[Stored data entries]

====

lemma nn_integral_PiM_prod_coordinates:
  fixes g :: "'i \<Rightarrow> 'a \<Rightarrow> ennreal"
  assumes M: "prob_space M" and W: "finite W" "W \<subseteq> I"
    and g: "\<And>i. i \<in> W \<Longrightarrow> g i \<in> borel_measurable M"
  shows "(\<integral>\<^sup>+\<omega>. (\<Prod>i\<in>W. g i (\<omega> i)) \<partial>PiM I (\<lambda>_. M)) = (\<Prod>i\<in>W. \<integral>\<^sup>+x. g i x \<partial>M)"
proof -
  interpret P: product_prob_space "\<lambda>_. M" I
    using M by (simp add: product_prob_space_def product_sigma_finite_def product_prob_space_axioms_def
        prob_space_imp_sigma_finite)
  have restrict: "(\<lambda>\<omega>. restrict \<omega> W) \<in> measurable (PiM I (\<lambda>_. M)) (PiM W (\<lambda>_. M))"
    using W by (intro measurable_restrict_subset)
  have prod: "(\<lambda>y. \<Prod>i\<in>W. g i (y i)) \<in> borel_measurable (PiM W (\<lambda>_. M))"
    using g by (intro borel_measurable_prod_ennreal)
      (auto intro: measurable_compose[OF measurable_component_singleton])
  have "(\<integral>\<^sup>+\<omega>. (\<Prod>i\<in>W. g i (\<omega> i)) \<partial>PiM I (\<lambda>_. M))
      = (\<integral>\<^sup>+\<omega>. (\<Prod>i\<in>W. g i (restrict \<omega> W i)) \<partial>PiM I (\<lambda>_. M))"
    by (intro nn_integral_cong prod.cong) auto
  also have "\<dots> = (\<integral>\<^sup>+y. (\<Prod>i\<in>W. g i (y i)) \<partial>distr (PiM I (\<lambda>_. M)) (PiM W (\<lambda>_. M)) (\<lambda>\<omega>. restrict \<omega> W))"
    using restrict prod by (simp add: nn_integral_distr)
  also have "\<dots> = (\<integral>\<^sup>+y. (\<Prod>i\<in>W. g i (y i)) \<partial>PiM W (\<lambda>_. M))"
    using W by (simp add: P.distr_PiM_restrict_finite)
  also have "\<dots> = (\<Prod>i\<in>W. \<integral>\<^sup>+x. g i x \<partial>M)"
    using W g by (intro P.product_nn_integral_prod) auto
  finally show ?thesis .
qed

lemma prob_space_noise: "prob_space noise"
  unfolding noise_def by (intro prob_space_PiM prob_space_normal_density) simp

lemma nn_integral_noise_exp_weighted_squares:
  fixes W :: "(nat \<times> bool) set" and t m :: "nat \<times> bool \<Rightarrow> real" and e :: real
  assumes W: "finite W" and t: "\<And>i. i \<in> W \<Longrightarrow> 0 < 1 - 2*t i*e^2"
  shows "(\<integral>\<^sup>+\<omega>. ennreal (exp (\<Sum>i\<in>W. t i*(m i + e*\<omega> i)^2)) \<partial>noise)
    = ennreal (\<Prod>i\<in>W. exp (t i*(m i)^2/(1 - 2*t i*e^2)) / sqrt (1 - 2*t i*e^2))"
proof -
  have "(\<integral>\<^sup>+\<omega>. ennreal (exp (\<Sum>i\<in>W. t i*(m i + e*\<omega> i)^2)) \<partial>noise)
      = (\<integral>\<^sup>+\<omega>. (\<Prod>i\<in>W. ennreal (exp (t i*(m i + e*\<omega> i)^2))) \<partial>noise)"
    using W by (simp add: exp_sum prod_ennreal)
  also have "\<dots> = (\<Prod>i\<in>W. \<integral>\<^sup>+x. ennreal (exp (t i*(m i + e*x)^2)) \<partial>std_normal_distribution)"
    unfolding noise_def using W
    by (intro nn_integral_PiM_prod_coordinates prob_space_normal_density) auto
  also have "\<dots> = (\<Prod>i\<in>W. ennreal (exp (t i*(m i)^2/(1 - 2*t i*e^2)) / sqrt (1 - 2*t i*e^2)))"
    using t by (intro prod.cong refl nn_integral_std_normal_exp_square)
  also have "\<dots> = ennreal (\<Prod>i\<in>W. exp (t i*(m i)^2/(1 - 2*t i*e^2)) / sqrt (1 - 2*t i*e^2))"
    using t by (intro prod_ennreal) (simp add: less_imp_le)
  finally show ?thesis .
qed

lemma nn_integral_noise_exp_weighted_chi2_le:
  fixes W :: "(nat \<times> bool) set" and w m :: "nat \<times> bool \<Rightarrow> real" and t e \<phi> :: real
  assumes W: "finite W" and w: "\<And>i. i \<in> W \<Longrightarrow> 0 \<le> w i"
    and small: "\<And>i. i \<in> W \<Longrightarrow> \<bar>t*e^2*w i\<bar> \<le> \<phi>/5" and \<phi>: "\<phi> \<le> 1"
  shows "(\<integral>\<^sup>+\<omega>. ennreal (exp (t * (\<Sum>i\<in>W. w i*(m i + e*\<omega> i)^2))) \<partial>noise)
    \<le> ennreal (exp (t*((\<Sum>i\<in>W. w i*(m i)^2) + e^2*(\<Sum>i\<in>W. w i))
        + \<phi>*\<bar>t\<bar>*(\<Sum>i\<in>W. w i*(m i)^2) + 13/9*(\<Sum>i\<in>W. (t*e^2*w i)^2)))"
proof -
  define x where "x i = t*e^2*w i" for i
  define a where "a i = t*w i*(m i)^2" for i
  have pos: "0 < 1 - 2*(t*w i)*e^2" if "i \<in> W" for i
    using small[OF that] \<phi> by (simp add: mult_ac)
  have "(\<integral>\<^sup>+\<omega>. ennreal (exp (t * (\<Sum>i\<in>W. w i*(m i + e*\<omega> i)^2))) \<partial>noise)
      = (\<integral>\<^sup>+\<omega>. ennreal (exp (\<Sum>i\<in>W. (t*w i)*(m i + e*\<omega> i)^2)) \<partial>noise)"
    by (simp add: sum_distrib_left mult.assoc)
  also have "\<dots> = ennreal (\<Prod>i\<in>W. exp ((t*w i)*(m i)^2/(1 - 2*(t*w i)*e^2)) / sqrt (1 - 2*(t*w i)*e^2))"
    by (rule nn_integral_noise_exp_weighted_squares[OF W pos])
  also have "\<dots> = ennreal (\<Prod>i\<in>W. exp (a i/(1 - 2*x i)) / sqrt (1 - 2*x i))"
    unfolding a_def x_def by (simp add: mult_ac)
  also have "\<dots> \<le> ennreal (\<Prod>i\<in>W. exp (a i + \<phi>*\<bar>a i\<bar> + (x i + 13/9*(x i)^2)))"
    using small \<phi> pos unfolding x_def
    by (intro ennreal_leI prod_mono conjI exp_div_sqrt_one_minus_double_le divide_nonneg_nonneg)
      (auto simp: mult_ac less_imp_le)
  also have "\<dots> = ennreal (exp (\<Sum>i\<in>W. a i + \<phi>*\<bar>a i\<bar> + (x i + 13/9*(x i)^2)))"
    using W by (simp add: exp_sum)
  also have "(\<Sum>i\<in>W. a i + \<phi>*\<bar>a i\<bar> + (x i + 13/9*(x i)^2))
      = (\<Sum>i\<in>W. a i) + \<phi>*(\<Sum>i\<in>W. \<bar>a i\<bar>) + (\<Sum>i\<in>W. x i) + 13/9*(\<Sum>i\<in>W. (x i)^2)"
    by (simp add: sum.distrib sum_distrib_left)
  also have "(\<Sum>i\<in>W. \<bar>a i\<bar>) = \<bar>t\<bar>*(\<Sum>i\<in>W. w i*(m i)^2)"
    using w unfolding a_def by (simp add: sum_distrib_left abs_mult mult.assoc)
  also have "(\<Sum>i\<in>W. a i) = t*(\<Sum>i\<in>W. w i*(m i)^2)"
    unfolding a_def by (simp add: sum_distrib_left mult.assoc)
  also have "(\<Sum>i\<in>W. x i) = t*(e^2*(\<Sum>i\<in>W. w i))"
    unfolding x_def by (simp add: sum_distrib_left mult.assoc)
  finally show ?thesis
    unfolding x_def by (simp add: algebra_simps)
qed

lemma noise_weighted_chi2_tail_le:
  fixes W :: "(nat \<times> bool) set" and w m :: "nat \<times> bool \<Rightarrow> real" and t e \<phi> c :: real
  defines "Y \<equiv> \<lambda>\<omega>. \<Sum>i\<in>W. w i*(m i + e*\<omega> i)^2"
    and "D \<equiv> \<Sum>i\<in>W. w i*(m i)^2" and "V \<equiv> e^2*(\<Sum>i\<in>W. w i)"
  assumes W: "finite W" and w: "\<And>i. i \<in> W \<Longrightarrow> 0 \<le> w i"
    and small: "\<And>i. i \<in> W \<Longrightarrow> \<bar>t*e^2*w i\<bar> \<le> \<phi>/5" and \<phi>: "\<phi> \<le> 1"
  shows "measure noise {\<omega> \<in> space noise. c \<le> t * Y \<omega>}
    \<le> exp (- c + t*(D + V) + \<phi>*\<bar>t\<bar>*D + 13/9*(\<Sum>i\<in>W. (t*e^2*w i)^2))"
proof -
  interpret prob_space noise by (rule prob_space_noise)
  define B where "B = t*(D + V) + \<phi>*\<bar>t\<bar>*D + 13/9*(\<Sum>i\<in>W. (t*e^2*w i)^2)"
  have [measurable]: "(\<lambda>\<omega>. t * Y \<omega>) \<in> borel_measurable noise"
    unfolding Y_def noise_def by measurable
  have mgf: "(\<integral>\<^sup>+\<omega>. ennreal (exp (t * Y \<omega>)) \<partial>noise) \<le> ennreal (exp B)"
    unfolding Y_def B_def D_def V_def using W w small \<phi>
    by (rule nn_integral_noise_exp_weighted_chi2_le)
  have "emeasure noise {\<omega> \<in> space noise. c \<le> t * Y \<omega>}
      \<le> ennreal (exp (-1*c)) * (\<integral>\<^sup>+\<omega>. ennreal (exp (1*(t * Y \<omega>))) * indicator (space noise) \<omega> \<partial>noise)"
    by (rule Chernoff_ineq_nn_integral_ge) auto
  also have "\<dots> = ennreal (exp (- c)) * (\<integral>\<^sup>+\<omega>. ennreal (exp (t * Y \<omega>)) \<partial>noise)"
    by (simp cong: nn_integral_cong)
  also have "\<dots> \<le> ennreal (exp (- c)) * ennreal (exp B)"
    using mgf by (rule mult_left_mono) simp
  finally have "emeasure noise {\<omega> \<in> space noise. c \<le> t * Y \<omega>} \<le> ennreal (exp (- c + B))"
    by (simp flip: ennreal_mult add: mult_exp_exp)
  then show ?thesis
    unfolding B_def emeasure_eq_measure by (simp add: ennreal_le_iff algebra_simps)
qed

lemma noise_weighted_chi2_deviation_le:
  fixes W :: "(nat \<times> bool) set" and w m :: "nat \<times> bool \<Rightarrow> real" and l e \<phi> :: real
  defines "Y \<equiv> \<lambda>\<omega>. \<Sum>i\<in>W. w i*(m i + e*\<omega> i)^2"
    and "D \<equiv> \<Sum>i\<in>W. w i*(m i)^2" and "V \<equiv> e^2*(\<Sum>i\<in>W. w i)"
  assumes W: "finite W" and w: "\<And>i. i \<in> W \<Longrightarrow> 0 \<le> w i" and l: "0 \<le> l"
    and small: "\<And>i. i \<in> W \<Longrightarrow> l*e^2*w i \<le> \<phi>/5" and \<phi>: "\<phi> \<le> 1"
  shows "measure noise {\<omega> \<in> space noise. \<phi>*(D + V/2) < \<bar>Y \<omega> - (D + V)\<bar>}
    \<le> 2 * exp (- l*\<phi>*V/2 + 13/9*(\<Sum>i\<in>W. (l*e^2*w i)^2))"
proof -
  interpret prob_space noise by (rule prob_space_noise)
  define B where "B = - l*\<phi>*V/2 + 13/9*(\<Sum>i\<in>W. (l*e^2*w i)^2)"
  define U where "U = {\<omega> \<in> space noise. l*(D + V + \<phi>*(D + V/2)) \<le> l * Y \<omega>}"
  define L where "L = {\<omega> \<in> space noise. - l*(D + V - \<phi>*(D + V/2)) \<le> - l * Y \<omega>}"
  have small_pos: "\<bar>l*e^2*w i\<bar> \<le> \<phi>/5" and small_neg: "\<bar>-l*e^2*w i\<bar> \<le> \<phi>/5" if "i \<in> W" for i
    using small[OF that] w[OF that] l by (simp_all add: abs_mult)
  have U: "measure noise U \<le> exp B"
    using noise_weighted_chi2_tail_le[where W=W and w=w and m=m and e=e and \<phi>=\<phi> and t=l
        and c="l*(D + V + \<phi>*(D + V/2))", OF W w small_pos \<phi>]
    unfolding U_def B_def Y_def D_def V_def using l by (simp add: algebra_simps)
  have L: "measure noise L \<le> exp B"
    using noise_weighted_chi2_tail_le[where W=W and w=w and m=m and e=e and \<phi>=\<phi> and t="-l"
        and c="- l*(D + V - \<phi>*(D + V/2))", OF W w small_neg \<phi>]
    unfolding L_def B_def Y_def D_def V_def using l by (simp add: algebra_simps power2_eq_square)
  have cover: "{\<omega> \<in> space noise. \<phi>*(D + V/2) < \<bar>Y \<omega> - (D + V)\<bar>} \<subseteq> U \<union> L"
  proof
    fix \<omega> assume \<omega>: "\<omega> \<in> {\<omega> \<in> space noise. \<phi>*(D + V/2) < \<bar>Y \<omega> - (D + V)\<bar>}"
    then have "D + V + \<phi>*(D + V/2) \<le> Y \<omega> \<or> Y \<omega> \<le> D + V - \<phi>*(D + V/2)"
      by auto
    then show "\<omega> \<in> U \<union> L"
      using \<omega> l unfolding U_def L_def by (auto intro: mult_left_mono)
  qed
  have [measurable]: "U \<in> sets noise" "L \<in> sets noise"
    unfolding U_def L_def Y_def noise_def by measurable
  have "measure noise {\<omega> \<in> space noise. \<phi>*(D + V/2) < \<bar>Y \<omega> - (D + V)\<bar>} \<le> measure noise (U \<union> L)"
    using cover by (intro finite_measure_mono) auto
  also have "\<dots> \<le> measure noise U + measure noise L"
    by (intro measure_Un_le) auto
  finally show ?thesis
    using U L unfolding B_def by simp
qed

lemma sum_squares_atLeastLessThan:
  fixes a T :: nat
  shows "6*(\<Sum>k\<in>{a..<a+T}. (real k)^2)
    = 6*real T*(real a - 1)^2 + 6*(real a - 1)*real T*(real T + 1) + real T*(real T + 1)*(2*real T + 1)"
proof (induction T)
  case (Suc T)
  have "{a..<a + Suc T} = insert (a + T) {a..<a + T}" by auto
  then show ?case
    using Suc.IH by (simp add: algebra_simps power2_eq_square)
qed simp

====

# Directions:
Filter the entries above and copy only the lines that hold "assoc".

# Your solution:
    by (simp add: sum_distrib_left mult.assoc)
    using w unfolding a_def by (simp add: sum_distrib_left abs_mult mult.assoc)
    unfolding a_def by (simp add: sum_distrib_left mult.assoc)
    unfolding x_def by (simp add: sum_distrib_left mult.assoc)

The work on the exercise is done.